On Wed, 11 Nov 2020 at 20:43, Taylor Blau <me@ttaylorr.com> wrote:
>
> A .bitmap file may have a "name hash cache" extension, which puts a
> sequence of uint32_t bytes (one per object) at the end of the file. When

s/bytes/values/, perhaps?

> we see a flag indicating this extension, we blindly subtract the
> appropriate number of bytes from our available length. However, if the
> .bitmap file is too short, we'll underflow our length variable and wrap
> around, thinking we have a very large length. This can lead to reading
> out-of-bounds bytes while loading individual ewah bitmaps.

> +               uint32_t cache_size = st_mult(index->pack->num_objects, sizeof(uint32_t));

Hmm. If `sizeof(size_t)` is 8, then this multiplication can't possibly
overflow. A huge value of `num_objects` (say, 0xffffffff) would give a
huge return value (0xffffffff<<2) which would be truncated (0xfffffffc).
I think?

Do we want a `u32_mult()`?

> +               unsigned char *index_end = index->map + index->map_size - the_hash_algo->rawsz;

The addition should be ok or mmap has failed on us. Do we know that we
have room for the final hash there so that the subtraction is ok? Yes,
from the previous commit, we know we have room for the header, which is
even larger. But that's cheating a bit -- see below.

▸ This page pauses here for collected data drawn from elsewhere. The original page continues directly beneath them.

(* Let $\mathcal{P}$ be a profile of unrooted phylogenetic trees whose display graph $G(\mathcal{P})$ is connected, let $S$ be an agreement supertree of $\mathcal{P}$, and let $\Psi$ be the cut function of $S$. Then (i) for every edge $e\in E(S)$, $\Psi(e)$ is a cut of $G(\mathcal{P})$; and (ii) for every edge $e\in E(S)$, $\Psi(e)$ is a minimal cut of $G(\mathcal{P})$ if and only if $G(\mathcal{P})-\Psi(e)$ has exactly two connected components.
   Context: A phylogenetic tree $T$ is an unrooted tree whose leaves are bijectively labeled by $\mathcal{L}(T)$ (leaves identified with labels; internal vertices have degree at least three). A profile $\mathcal{P}=\{T_1,\dots,T_k\}$ is a finite collection of phylogenetic trees (input trees), $\mathcal{L}(\mathcal{P})=\bigcup_i\mathcal{L}(T_i)$; internal vertices of distinct trees are disjoint, while leaves with the same label are the same vertex. The display graph $G(\mathcal{P})$ has vertex set $\bigcup_i V(T_i)$ and edge set $\bigcup_i E(T_i)$. For phylogenetic trees $S,T$ with $\mathcal{L}(T)\subseteq\mathcal{L}(S)$, $S_{|\mathcal{L}(T)}$ is obtained from the minimal subtree of $S$ connecting the leaves in $\mathcal{L}(T)$ by suppressing degree-two vertices; $S$ and $T$ agree if $S_{|\mathcal{L}(T)}$ is label-preservingly isomorphic to $T$. An agreement supertree of $\mathcal{P}$ is a phylogenetic tree with label set $\mathcal{L}(\mathcal{P})$ agreeing with every tree of $\mathcal{P}$. Cut function: for an agreement supertree $S$ and an edge $e=\{u,v\}$ of $S$, let $L_u$, $L_v$ be the label sets of the subtrees of $S-e$ containing $u$ and $v$ respectively. For an input tree $T$ with $\mathcal{L}(T)\cap L_u\neq\emptyset$ and $\mathcal{L}(T)\cap L_v\neq\emptyset$, there is a unique edge $f$ of $T$ whose deletion separates $\mathcal{L}(T)$ into $\mathcal{L}(T)\cap L_u$ and $\mathcal{L}(T)\cap L_v$; $e$ is called the agreement edge of $S$ corresponding to $f$. The cut function $\Psi$ maps each $e\in E(S)$ to the set $\Psi(e)$ of all edges $f$ of input trees such that $e$ is the agreement edge corresponding to $f$ (input trees whose labels lie entirely in $L_u$ or entirely in $L_v$ contribute no edge). A cut of a connected graph $G$ is $F\subseteq E(G)$ with $G-F$ (same vertices, edges of $F$ removed) disconnected; minimal if no proper subset is a cut. *)

theory Defs
  imports Main
begin

text \<open>Graphs are given by a vertex set and a set of edges, each edge a two-element
set of vertices. A tree is a pair (V, E). Leaves are identified with labels.\<close>

type_synonym 'v graph = "'v set \<times> 'v set set"

definition is_path :: "'v set set \<Rightarrow> 'v list \<Rightarrow> 'v \<Rightarrow> 'v \<Rightarrow> bool" where
  "is_path E p a b \<longleftrightarrow> p \<noteq> [] \<and> hd p = a \<and> last p = b \<and> distinct p \<and>
     (\<forall>i. Suc i < length p \<longrightarrow> {p ! i, p ! Suc i} \<in> E)"

definition is_cycle :: "'v set set \<Rightarrow> 'v list \<Rightarrow> bool" where
  "is_cycle E p \<longleftrightarrow> length p \<ge> 3 \<and> is_path E p (hd p) (last p) \<and> {last p, hd p} \<in> E"

definition reach :: "'v set set \<Rightarrow> 'v \<Rightarrow> 'v \<Rightarrow> bool" where
  "reach E x y \<longleftrightarrow> (x, y) \<in> {(a, b). {a, b} \<in> E}\<^sup>*"

definition wf_graph :: "'v set \<Rightarrow> 'v set set \<Rightarrow> bool" where
  "wf_graph V E \<longleftrightarrow> (\<forall>e\<in>E. \<exists>a b. e = {a, b} \<and> a \<noteq> b \<and> a \<in> V \<and> b \<in> V)"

> +                       if (index->map + header_size + cache_size > index_end)
> +                               return error("corrupted bitmap index file (too short to fit hash cache)");
> +                       index->hashes = (void *)(index_end - cache_size);
> +                       index_end -= cache_size;

If the header size we're adding is indeed too large, the addition in the
check would be undefined behavior, if I'm not mistaken. In practical
terms, with 32-bit pointers and a huge size, we'd wrap around, decide
that everything is ok and go on to do the same erroneous subtraction as
before.

Maybe shuffle a few things over from the left to the right to only make
subtractions that we know are ok:

  if (cache_size > index_end - index->map - header_size)

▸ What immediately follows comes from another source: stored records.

(* Suppose we have $n\ge3$ agents with additive, identical, normalized valuations, provided with a prediction of accuracy $\eta<1-\min\left\{\frac{1}{2(n-1+2a)},\frac{1-a^2}{4+(2n-3)a}\right\}$ for some given $a\in(0,1]$; that is, the allowed error between the prediction and the true valuation is $1-\eta>\min\left\{\frac{1}{2(n-1+2a)},\frac{1-a^2}{4+(2n-3)a}\right\}$. Then there is no online algorithm that guarantees an $a$-EFX allocation for all instances with error at most $1-\eta$, even when $T'=T=2n-1$ and the prediction and the true valuation are $3$-value functions.
   Context: Online fair division with predictions and identical valuations: agents $[n]$; goods $g_1,\dots,g_T$ arrive one per time step; all agents share a true additive normalized valuation $v$ ($v(g_t)\ge0$, $\sum_{t\in[T]}v(g_t)=1$, $v(S)=\sum_{g\in S}v(g)$), and before any arrival the algorithm receives a prediction $p=(p(g_1),\dots,p(g_{T'}))$ (an additive normalized valuation over $T'$ predicted goods) and the accuracy level. Error $\frac12\sum_{t=1}^{\max\{T,T'\}}|p(g_t)-v(g_t)|$ (missing entries set to $0$); accuracy $\eta$ means the error is at most $1-\eta$. At time $t$, $v(g_t)$ is revealed and $g_t$ must be irrevocably allocated. For $S\ne\emptyset$, $\bar S=S\setminus\{g\}$ with $g\in\arg\max_{g'\in S}v(S\setminus\{g'\})$, $\bar\emptyset=\emptyset$. An allocation is $a$-EFX if $v(A_i)\ge a\cdot v(\bar A_j)$ for all $i,j$. A function is $k$-value if it takes at most $k$ distinct values. *)

theory Defs
  imports Complex_Main
begin

(* A valuation over goods g_1..g_m is represented as a list of length m:
   entry t (0-based) is the value of good g_(t+1). *)

definition normalized_val :: "real list \<Rightarrow> bool" where
  "normalized_val xs \<longleftrightarrow> (\<forall>x\<in>set xs. 0 \<le> x) \<and> sum_list xs = 1"

definition k_value :: "nat \<Rightarrow> real list \<Rightarrow> bool" where
  "k_value k xs \<longleftrightarrow> card (set xs) \<le> k"

definition val_at :: "real list \<Rightarrow> nat \<Rightarrow> real" where
  "val_at xs t = (if t < length xs then xs ! t else 0)"

definition pred_error :: "real list \<Rightarrow> real list \<Rightarrow> real" where
  "pred_error p v = (1/2) * (\<Sum>t<max (length v) (length p). \<bar>val_at p t - val_at v t\<bar>)"

definition bundle_val :: "real list \<Rightarrow> nat set \<Rightarrow> real" where
  "bundle_val v S = (\<Sum>t\<in>S. val_at v t)"

definition bar_val :: "real list \<Rightarrow> nat set \<Rightarrow> real" where
  "bar_val v S = (if S = {} then 0 else Max ((\<lambda>g. bundle_val v (S - {g})) ` S))"

definition a_EFX :: "nat \<Rightarrow> real \<Rightarrow> real list \<Rightarrow> (nat \<Rightarrow> nat set) \<Rightarrow> bool" where
  "a_EFX n a v A \<longleftrightarrow> (\<forall>i<n. \<forall>j<n. bundle_val v (A i) \<ge> a * bar_val v (A j))"

(* A deterministic online algorithm: given the prediction p and the values
   v(g_1),...,v(g_t) revealed so far, it returns the agent receiving g_t.
   The induced allocation: *)
definition online_alloc :: "(real list \<Rightarrow> real list \<Rightarrow> nat) \<Rightarrow> real list \<Rightarrow> real list \<Rightarrow> nat \<Rightarrow> nat set" where
  "online_alloc alg p v i = {t. t < length v \<and> alg p (take (Suc t) v) = i}"

end

theory Submission imports Defs begin

(*
  The adversary starts with n - 1 goods of value eps. If the algorithm does not give them to
  distinct agents, the adversary continues with eps_zero_big, where every later good except the
  last is worthless: one of the at least two agents without an eps-good also misses the last good
  and ends with value 0, while some agent holds two eps-goods.

  Otherwise exactly one agent E is still empty-handed, and the adversary follows the prediction
  eps_mid_big, which has a medium good of value m and a big last good of value b. If E receives the
  medium good, the owner of the big good holds a second good, while a different agent is worth at
  most 1 - b < a b. If an agent g other than E receives it, g holds two goods, while an agent
  owning neither the medium nor the big good is worth at most (2n - 3) eps < a m.

  The two valuations differ by (n - 2) eps + m, which can be made arbitrarily small, so of the
  accuracy hypothesis only 1 - eta > 0 is used.
*)

lemma val_at_map_upt: "val_at (map f [0..<L]) t = (if t < L then f t else 0)"
  by (simp add: val_at_def)

lemma val_at_nonneg: "normalized_val v \<Longrightarrow> 0 \<le> val_at v t"
  by (auto simp: normalized_val_def val_at_def)

lemma normalized_val_map_upt:
  assumes "\<And>t. t < L \<Longrightarrow> 0 \<le> f t" "(\<Sum>t<L. f t) = 1"
  shows "normalized_val (map f [0..<L])"
  using assms unfolding normalized_val_def
  by (auto simp: interv_sum_list_conv_sum_set_nat atLeast0LessThan)

lemma k_value_3_if_subset:
  "set xs \<subseteq> {x, y, z} \<Longrightarrow> k_value 3 xs"
  unfolding k_value_def
  by (rule order_trans[OF card_mono]) (auto simp: card_insert_if)

lemma pred_error_self: "pred_error v v = 0"
  by (simp add: pred_error_def)

lemma sum_if_less_const_else_zero:
  "(\<Sum>t<L. if t < k then c else 0) = real (min L k) * (c :: real)"
  by (induction L) (auto simp: algebra_simps min_def)

lemma sum_if_less_zero_else_const:
  "(\<Sum>t<L. if t < k then 0 else c) = real (L - k) * (c :: real)"
  by (induction L) (auto simp: Suc_diff_le algebra_simps)

lemma bundle_val_all: "normalized_val v \<Longrightarrow> bundle_val v {..<length v} = 1"
  by (simp add: normalized_val_def bundle_val_def val_at_def sum_list_sum_nth atLeast0LessThan)

lemma bundle_val_le_complement:
  assumes "normalized_val v" "B \<subseteq> {..<length v}" "S \<subseteq> {..<length v} - B"
  shows "bundle_val v S \<le> 1 - bundle_val v B"
proof -
  have "bundle_val v S \<le> bundle_val v ({..<length v} - B)"
    unfolding bundle_val_def using assms by (intro sum_mono2) (auto simp: val_at_nonneg)
  also have "\<dots> = bundle_val v {..<length v} - bundle_val v B"
    unfolding bundle_val_def using assms(2) by (simp add: sum_diff finite_subset)
  finally show ?thesis using bundle_val_all[OF assms(1)] by simp
qed

lemma val_le_bar_val:
  assumes "finite S" "c \<in> S" "s \<in> S" "s \<noteq> c" "\<And>t. 0 \<le> val_at v t"
  shows "val_at v c \<le> bar_val v S"
proof -
  have "val_at v c \<le> bundle_val v (S - {s})"
    unfolding bundle_val_def using assms by (intro member_le_sum) auto
  also have "\<dots> \<le> Max ((\<lambda>g. bundle_val v (S - {g})) ` S)"
    using assms by (intro Max_ge) auto
  finally show ?thesis using assms by (auto simp: bar_val_def)
qed

lemma not_a_EFX_if_bundle_below_shared_good:
  assumes "i < n" "j < n" "c \<in> A j" "s \<in> A j" "s \<noteq> c" "finite (A j)"
    "\<And>t. 0 \<le> val_at v t" "0 \<le> a" "bundle_val v (A i) < a * val_at v c"
  shows "\<not> a_EFX n a v A"
proof -
  have "a * val_at v c \<le> a * bar_val v (A j)"
    using assms by (intro mult_left_mono val_le_bar_val) auto
  then show ?thesis using assms unfolding a_EFX_def by force
qed

lemma not_a_EFX_if_bundle_avoids:
  assumes "normalized_val v" "0 \<le> a" "i < n" "j < n" "c \<in> A j" "s \<in> A j" "s \<noteq> c"
    "finite (A j)" "B \<subseteq> {..<length v}" "A i \<subseteq> {..<length v} - B"
    "1 - bundle_val v B < a * val_at v c"
  shows "\<not> a_EFX n a v A"
proof (rule not_a_EFX_if_bundle_below_shared_good[where A = A, OF assms(3-8)])
  show "bundle_val v (A i) < a * val_at v c"
    using bundle_val_le_complement[OF assms(1,9,10)] assms(11) by simp
qed (use assms(1,2) in \<open>auto simp: val_at_nonneg\<close>)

One could substitute for `index_end - index_map` and end up with

  if (cache_size > index->map_size - header_size - the_hash_algo->rawsz)

Maybe that's clearer in a way, or maybe then it's not so obvious that
the subtraction that follows matches this check.

But I don't think we can fully trust those subtractions. We're
subtracting the size of two hashes (one in the header, one in the
footer), but after the previous patch, we only know that there's room
for one. So probably the previous patch could go

  +       /*
  +        * Verify that we have room for the header and the
  +        * trailing checksum hash, so we can safely subtract
  +        * their sizes from map_size. We can afford to be
  +        * a bit imprecise with the error message.
  +        */
  -       if (index->map_size < sizeof(*header) + the_hash_algo->rawsz)
  +       if (index->map_size < header_size + the_hash_algo->rawsz)

I *think* I've got most of my comments here somewhat right, but I could
easily have missed something.

Martin